:: DIRECTIONS FOR THIS TASK ::
Copy out all the lines of the data that hold the word "unfolding".

++++++++++++++++++++

lemma subspace_common_kernel:
  fixes f :: "'i \<Rightarrow> 'a::real_vector \<Rightarrow> real"
  assumes "\<And>i. i \<in> S \<Longrightarrow> linear (f i)"
  shows "subspace {x. \<forall>i\<in>S. f i x = 0}"
  unfolding subspace_def using assms by (auto simp: linear_0 linear_add linear_scale)

lemma closed_common_kernel:
  fixes f :: "'i \<Rightarrow> 'a::real_normed_vector \<Rightarrow> real"
  assumes "\<And>i. i \<in> S \<Longrightarrow> bounded_linear (f i)"
  shows "closed {x. \<forall>i\<in>S. f i x = 0}"
proof -
  have "{x. \<forall>i\<in>S. f i x = 0} = (\<Inter>i\<in>S. {x. f i x = 0})" by auto
  moreover have "closed {x. f i x = 0}" if "i \<in> S" for i
    using assms[OF that] by (intro closed_Collect_eq continuous_on_const linear_continuous_on)
  ultimately show ?thesis by auto
qed

lemma finite_codim_common_kernel:
  fixes f :: "'i \<Rightarrow> 'a::real_vector \<Rightarrow> real"
  assumes "finite S" "\<And>i. i \<in> S \<Longrightarrow> linear (f i)"
  shows "finite_codim {x. \<forall>i\<in>S. f i x = 0}"
  using assms
proof (induction S rule: finite_induct)
  case empty
  show ?case unfolding finite_codim_def by auto
next
  case (insert j S)
  have "finite_codim ({x. \<forall>i\<in>S. f i x = 0} \<inter> {x. f j x = 0})"
    using insert by (intro finite_codim_inter_kernel subspace_common_kernel) auto
  moreover have "{x. \<forall>i\<in>insert j S. f i x = 0} = {x. \<forall>i\<in>S. f i x = 0} \<inter> {x. f j x = 0}"
    by auto
  ultimately show ?case by simp
qed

++++++++++++++++++++

:: WRITTEN RESPONSE ::
  unfolding subspace_def using assms by (auto simp: linear_0 linear_add linear_scale)
  show ?case unfolding finite_codim_def by auto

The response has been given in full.